I can't read your mind. What's your point with this graphic?^^^ And explain it. Why are warming and cooling cycles from 400000 years ago applicable to today?
Of cause it was
This one is hilarious. You show six data sets from satellites. Do you know where those observations were taken and what they mean?
I'll help you out. It is temperature anomoly of the mid-troposphere. Or about 5 miles up. Why do we even care about 5 miles up when thousands of surface temperature measurements tell us where we live is getting warmer? I wont spam you with the chart in my previous post which clearly shows without possible argument that the earth's surface is warming very rapidly as predicted by the amount of CO2 and other GHGs currently pumped into the atmosphere. But take a look because I'm not certain your memory retains anything for more than a few minutes.
Why bother to record atmospheric temperature 5 or miles out? It is good test of the model. It's not relevant to us, but it is a complex area of the atmosphere and helps those working to build an accurate model thresh out variables and help them improve on it.
Now, about the data he posted in this graph. Satellites are notoriously error prone when it comes to measuring temperature. To correctly measure temperature for comparison, the satellite must be in the same position each time. It must be moving at the same speed over time. This is not the case, satellites don't exactly trace the same orbit and they slow down over time. Also, satellites don't measure temperature directly, they measure microwave energy given off by oxygen and convert the data to temperature. Over the 30 years of satellite measurements, sensor tech changed so, each satellite produced different readings. In order to use the data properly, position, speed, error bias from each satellite has to be accounted for. Finally, the latitude makes a difference. The air above the tropics mixes more than than pole-ward latitudes. This also requires correction.
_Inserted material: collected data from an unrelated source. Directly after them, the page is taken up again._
lemma weak_conv_cvar_objective:
  assumes "\<And>n. \<kappa>s n \<in> moment_class eps B" "\<kappa> \<in> moment_class eps B" "weak_conv_m \<kappa>s \<kappa>"
  shows "(\<lambda>n. cvar_objective p (\<kappa>s n) z) \<longlonglongrightarrow> cvar_objective p \<kappa> z"
  unfolding cvar_objective_def divide_inverse by (intro tendsto_intros weak_conv_integral_hinge[OF assms])

context
  fixes p :: real
  assumes p: "0 < p" "p < 1"
begin

lemma moment_class_cvar_le_cvar_objective: "\<kappa> \<in> moment_class eps B \<Longrightarrow> cvar p \<kappa> \<le> cvar_objective p \<kappa> z"
  using real_distribution.cvar_le_cvar_objective[OF moment_class_real_distribution p
      moment_class_integrable_id] .

lemma moment_class_cvar_eq_cvar_objective_quantile:
  "\<kappa> \<in> moment_class eps B \<Longrightarrow> cvar p \<kappa> = cvar_objective p \<kappa> (quantile_R p \<kappa>)"
  using real_distribution.cvar_eq_cvar_objective_quantile[OF moment_class_real_distribution p
      moment_class_integrable_id] .

lemma cvar_ge_of_weak_conv:
  assumes \<kappa>s: "\<And>n. \<kappa>s n \<in> moment_class eps B" and \<kappa>: "\<kappa> \<in> moment_class eps B"
    and conv: "weak_conv_m \<kappa>s \<kappa>" and "vs \<longlonglongrightarrow> v" and le: "\<And>n. vs n \<le> cvar p (\<kappa>s n)"
  shows "v \<le> cvar p \<kappa>"
proof -
  define q where "q = quantile_R p \<kappa>"
  have "vs n \<le> cvar_objective p (\<kappa>s n) q" for n
    using le[of n] moment_class_cvar_le_cvar_objective[OF \<kappa>s] by (rule order_trans)
  then have "v \<le> cvar_objective p \<kappa> q"
    by (intro LIMSEQ_le[OF \<open>vs \<longlonglongrightarrow> v\<close> weak_conv_cvar_objective[OF \<kappa>s \<kappa> conv]]) auto
  then show ?thesis
    by (simp add: q_def moment_class_cvar_eq_cvar_objective_quantile[OF \<kappa>])
qed

lemma cvar_le_of_weak_conv:
  assumes \<kappa>s: "\<And>n. \<kappa>s n \<in> moment_class eps B" and \<kappa>: "\<kappa> \<in> moment_class eps B"
    and conv: "weak_conv_m \<kappa>s \<kappa>" and "vs \<longlonglongrightarrow> v" and le: "\<And>n. cvar p (\<kappa>s n) \<le> vs n"
  shows "cvar p \<kappa> \<le> v"
proof -
  define qs where "qs n = quantile_R p (\<kappa>s n)" for n
  have "bounded (range qs)"
    using moment_class_quantile_bound[OF \<kappa>s p] by (intro boundedI) (auto simp: qs_def)
  then obtain l r where r: "strict_mono r" "(qs \<circ> r) \<longlonglongrightarrow> l"
    using bounded_imp_convergent_subsequence by blast
  define L where "L = 1 + 1 / (1 - p)"
  have "cvar_objective p (\<kappa>s (r k)) l \<le> vs (r k) + L * \<bar>l - qs (r k)\<bar>" for k
    using real_distribution.cvar_objective_lipschitz[OF moment_class_real_distribution[OF \<kappa>s] p
        moment_class_integrable_id[OF \<kappa>s], of "r k" l "qs (r k)"]
      moment_class_cvar_eq_cvar_objective_quantile[OF \<kappa>s, of "r k"] le[of "r k"]
    by (simp add: L_def qs_def)
  moreover have "(\<lambda>k. cvar_objective p (\<kappa>s (r k)) l) \<longlonglongrightarrow> cvar_objective p \<kappa> l"
    using weak_conv_cvar_objective[OF _ \<kappa> weak_conv_m_subseq[OF conv r(1)]] \<kappa>s by (simp add: comp_def)
  moreover have "(\<lambda>k. vs (r k) + L * \<bar>l - qs (r k)\<bar>) \<longlonglongrightarrow> v + L * \<bar>l - l\<bar>"
    using LIMSEQ_subseq_LIMSEQ[OF \<open>vs \<longlonglongrightarrow> v\<close> r(1)] r(2)
    by (intro tendsto_intros) (auto simp: comp_def)
  ultimately have "cvar_objective p \<kappa> l \<le> v"
    by (intro LIMSEQ_le) auto
  then show ?thesis
    using moment_class_cvar_le_cvar_objective[OF \<kappa>, of l] by linarith
qed

end

end

end

subsection \<open>Approximation of bounded Borel functions by continuous ones\<close>

definition bounded_borel :: "(real \<Rightarrow> real) \<Rightarrow> bool" where
  "bounded_borel f \<longleftrightarrow> f \<in> borel_measurable borel \<and> (\<exists>C. \<forall>x. \<bar>f x\<bar> \<le> C)"

lemma bounded_borelI: "f \<in> borel_measurable borel \<Longrightarrow> (\<And>x. \<bar>f x\<bar> \<le> C) \<Longrightarrow> bounded_borel f"
  unfolding bounded_borel_def by blast

lemma bounded_borelE:
  assumes "bounded_borel f"
  obtains C where "f \<in> borel_measurable borel" "\<And>x. \<bar>f x\<bar> \<le> C"
  using assms unfolding bounded_borel_def by blast

lemma bounded_borel_isCont: "(\<And>x. isCont h x) \<Longrightarrow> (\<And>x. \<bar>h x\<bar> \<le> C) \<Longrightarrow> bounded_borel h"
  by (intro bounded_borelI borel_measurable_isCont)

lemma bounded_borel_const: "bounded_borel (\<lambda>x. c)"
  by (rule bounded_borelI[where C = "\<bar>c\<bar>"]) auto

lemma bounded_borel_add:
  assumes "bounded_borel f" "bounded_borel g"
  shows "bounded_borel (\<lambda>x. f x + g x)"
proof -
  obtain C D where "f \<in> borel_measurable borel" "\<And>x. \<bar>f x\<bar> \<le> C"
    "g \<in> borel_measurable borel" "\<And>x. \<bar>g x\<bar> \<le> D"
    using assms by (meson bounded_borelE)
  then show ?thesis
    by (intro bounded_borelI[where C = "C + D"] borel_measurable_add) (auto intro: abs_triangle_ineq[THEN order_trans] add_mono)
qed

lemma bounded_borel_cmult:
  assumes "bounded_borel f"
  shows "bounded_borel (\<lambda>x. a * f x)"
proof -
  obtain C where "f \<in> borel_measurable borel" "\<And>x. \<bar>f x\<bar> \<le> C"
    using assms by (meson bounded_borelE)
  then show ?thesis
    by (intro bounded_borelI[where C = "\<bar>a\<bar> * C"] borel_measurable_times) (auto simp: abs_mult mult_left_mono)
qed

lemma bounded_borel_diff: "bounded_borel f \<Longrightarrow> bounded_borel g \<Longrightarrow> bounded_borel (\<lambda>x. f x - g x)"
  using bounded_borel_add[of f "\<lambda>x. -1 * g x"] bounded_borel_cmult[of g "-1"] by simp

lemma bounded_borel_abs:
  assumes "bounded_borel f"
  shows "bounded_borel (\<lambda>x. \<bar>f x\<bar>)"
proof -
  obtain C where "f \<in> borel_measurable borel" "\<And>x. \<bar>f x\<bar> \<le> C"
    using assms by (meson bounded_borelE)
  then show ?thesis by (intro bounded_borelI[where C = C] borel_measurable_abs) auto
qed

lemmas bounded_borel_intros =
  bounded_borel_const bounded_borel_add bounded_borel_cmult bounded_borel_diff bounded_borel_abs

lemma (in real_distribution) integrable_if_bounded_borel: "bounded_borel f \<Longrightarrow> integrable M f"
  by (elim bounded_borelE) (rule integrable_bounded_borel)

lemma (in real_distribution) inner_regular_compact:
  assumes "A \<in> events" "0 < e"
  shows "\<exists>K. compact K \<and> K \<subseteq> A \<and> measure M A < measure M K + e"
proof (cases "measure M A < e")
  case False
  have "ennreal (measure M A - e) < emeasure M A"
    using False \<open>0 < e\<close> by (simp add: emeasure_eq_measure ennreal_lessI)
  also have "emeasure M A = (SUP K \<in> {K. K \<subseteq> A \<and> compact K}. emeasure M K)"
    using assms(1) by (intro inner_regular[OF events_eq_borel]) auto
  finally obtain K where K: "K \<subseteq> A" "compact K" "ennreal (measure M A - e) < emeasure M K"
    unfolding less_SUP_iff by blast
  then have "measure M A - e < measure M K"
    using False by (simp add: emeasure_eq_measure ennreal_less_iff)
  then show ?thesis using K by auto
qed (intro exI[of _ "{}"], auto)

definition cont_L1_approx :: "real measure set \<Rightarrow> (real \<Rightarrow> real) \<Rightarrow> bool" where
  "cont_L1_approx Ms f \<longleftrightarrow> bounded_borel f \<and>
     (\<forall>e>0. \<exists>h. (\<forall>x. isCont h x) \<and> (\<exists>C. \<forall>x. \<bar>h x\<bar> \<le> C) \<and> (\<forall>\<mu>\<in>Ms. (\<integral>x. \<bar>f x - h x\<bar> \<partial>\<mu>) < e))"

lemma cont_L1_approxE:
  assumes "cont_L1_approx Ms f" "0 < e"
  obtains h C where "\<And>x. isCont h x" "\<And>x. \<bar>h x\<bar> \<le> C" "\<And>\<mu>. \<mu> \<in> Ms \<Longrightarrow> (\<integral>x. \<bar>f x - h x\<bar> \<partial>\<mu>) < e"
  using assms unfolding cont_L1_approx_def by blast

context
  fixes Ms :: "real measure set"
  assumes Ms: "\<And>\<mu>. \<mu> \<in> Ms \<Longrightarrow> real_distribution \<mu>"
begin

lemma cont_L1_approx_indicator:
  assumes "finite Ms" and A: "A \<in> sets borel"
  shows "cont_L1_approx Ms (indicator A)"
  unfolding cont_L1_approx_def
proof (intro conjI allI impI)
  show "bounded_borel (indicator A)"
    using A by (intro bounded_borelI[where C = 1]) (auto simp: indicator_def)
  fix e :: real assume "0 < e"
  have inner: "\<forall>\<mu>\<in>Ms. \<exists>K. compact K \<and> K \<subseteq> S \<and> measure \<mu> S < measure \<mu> K + e / 2"
    if "S \<in> sets borel" for S
  proof
    fix \<mu> assume "\<mu> \<in> Ms"
    then interpret real_distribution \<mu> by (rule Ms)
    show "\<exists>K. compact K \<and> K \<subseteq> S \<and> measure \<mu> S < measure \<mu> K + e / 2"
      using inner_regular_compact[of S "e / 2"] that \<open>0 < e\<close> by simp
  qed
  obtain K where K: "\<And>\<mu>. \<mu> \<in> Ms \<Longrightarrow> compact (K \<mu>) \<and> K \<mu> \<subseteq> A \<and> measure \<mu> A < measure \<mu> (K \<mu>) + e / 2"
    using bchoice[OF inner[OF A]] by auto
  obtain L where L: "\<And>\<mu>. \<mu> \<in> Ms \<Longrightarrow> compact (L \<mu>) \<and> L \<mu> \<subseteq> - A \<and> measure \<mu> (- A) < measure \<mu> (L \<mu>) + e / 2"
    using bchoice[OF inner[of "- A"]] A by auto
  define KA where "KA = \<Union>(K ` Ms)"
  define LA where "LA = \<Union>(L ` Ms)"
  have KL: "compact KA" "compact LA" "KA \<subseteq> A" "LA \<subseteq> - A"
    using K L \<open>finite Ms\<close> by (auto simp: KA_def LA_def intro!: compact_Union)
  then have KL_closed: "closed KA" "closed LA" "KA \<inter> LA = {}"
    by (auto intro: compact_imp_closed)
  obtain h :: "real \<Rightarrow> real" where h: "continuous_on UNIV h" "\<And>x. h x \<in> closed_segment 1 0"
    "\<And>x. x \<in> KA \<Longrightarrow> h x = 1" "\<And>x. x \<in> LA \<Longrightarrow> h x = 0"
    using Urysohn[OF KL_closed] by metis
  have h01: "0 \<le> h x \<and> h x \<le> 1" for x
    using h(2)[of x] by (auto simp: closed_segment_eq_real_ivl)
  show "\<exists>h. (\<forall>x. isCont h x) \<and> (\<exists>C. \<forall>x. \<bar>h x\<bar> \<le> C) \<and> (\<forall>\<mu>\<in>Ms. (\<integral>x. \<bar>indicator A x - h x\<bar> \<partial>\<mu>) < e)"
  proof (intro exI[of _ h] conjI ballI)
    show "\<forall>x. isCont h x" using h(1) by (simp add: continuous_on_eq_continuous_at)
    show "\<exists>C. \<forall>x. \<bar>h x\<bar> \<le> C" using h01 by (intro exI[of _ 1]) auto
    fix \<mu> assume "\<mu> \<in> Ms"
    interpret real_distribution \<mu> using Ms[OF \<open>\<mu> \<in> Ms\<close>] .
    have sets: "KA \<in> events" "LA \<in> events" "A \<in> events"
      using KL_closed A by auto
    have "integrable \<mu> (\<lambda>x. \<bar>indicator A x - h x\<bar>)"
    proof (rule integrable_bounded_borel)
      show "(\<lambda>x. \<bar>indicator A x - h x\<bar>) \<in> borel_measurable borel"
        using A by (intro borel_measurable_abs borel_measurable_diff borel_measurable_indicator
            borel_measurable_continuous_onI[OF h(1)])
      show "\<bar>\<bar>indicator A x - h x\<bar>\<bar> \<le> 1" for x
        using h01[of x] by (auto simp: indicator_def)
    qed
    moreover have "\<bar>indicator A x - h x\<bar> \<le> indicator (- (KA \<union> LA)) x" for x
      using h01[of x] h(3,4)[of x] KL by (auto simp: indicator_def)
    ultimately have "(\<integral>x. \<bar>indicator A x - h x\<bar> \<partial>\<mu>) \<le> (\<integral>x. indicator (- (KA \<union> LA)) x \<partial>\<mu>)"
      using sets by (intro integral_mono integrable_indicator_real) auto
    also have "\<dots> = 1 - measure \<mu> KA - measure \<mu> LA"
      using sets KL_closed prob_compl[of "KA \<union> LA"] finite_measure_Union[of KA LA]
      by (simp add: Compl_eq_Diff_UNIV)
    also have "\<dots> < e"
    proof -
      have "measure \<mu> (K \<mu>) \<le> measure \<mu> KA" "measure \<mu> (L \<mu>) \<le> measure \<mu> LA"
        using K[OF \<open>\<mu> \<in> Ms\<close>] L[OF \<open>\<mu> \<in> Ms\<close>] sets \<open>\<mu> \<in> Ms\<close>
        by (auto intro!: finite_measure_mono simp: KA_def LA_def compact_imp_closed)
      then show ?thesis
        using K[OF \<open>\<mu> \<in> Ms\<close>] L[OF \<open>\<mu> \<in> Ms\<close>] prob_compl[of A] sets
        by (simp add: Compl_eq_Diff_UNIV)
    qed
    finally show "(\<integral>x. \<bar>indicator A x - h x\<bar> \<partial>\<mu>) < e" .
  qed
qed

lemma cont_L1_approx_zero: "cont_L1_approx Ms (\<lambda>x. 0)"
  unfolding cont_L1_approx_def by (auto intro!: exI[of _ "\<lambda>x. 0"] bounded_borel_const)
This is all to say that satellite data are horrible when trying to measure small changes. Look at the temperature scale.
At the farthest right, there is an error between satellite data and model predictions of 0.6 C. That's tiny. What's missing in the plot you pasted here are error estimates -- both for satellite and model error. I dare say that the two probably overlap, which is why your "expert" left them out.
So there you have it. Measurements taken at a location irrelevant to us -- probably the least reliable data set available -- posted without error estimates and very strange smoothing algorithm for the line representing model data. All wrapped up to look convincing and cast doubt on valid and earnest research.
In other words, fake science. The plot was designed to fool you, not inform.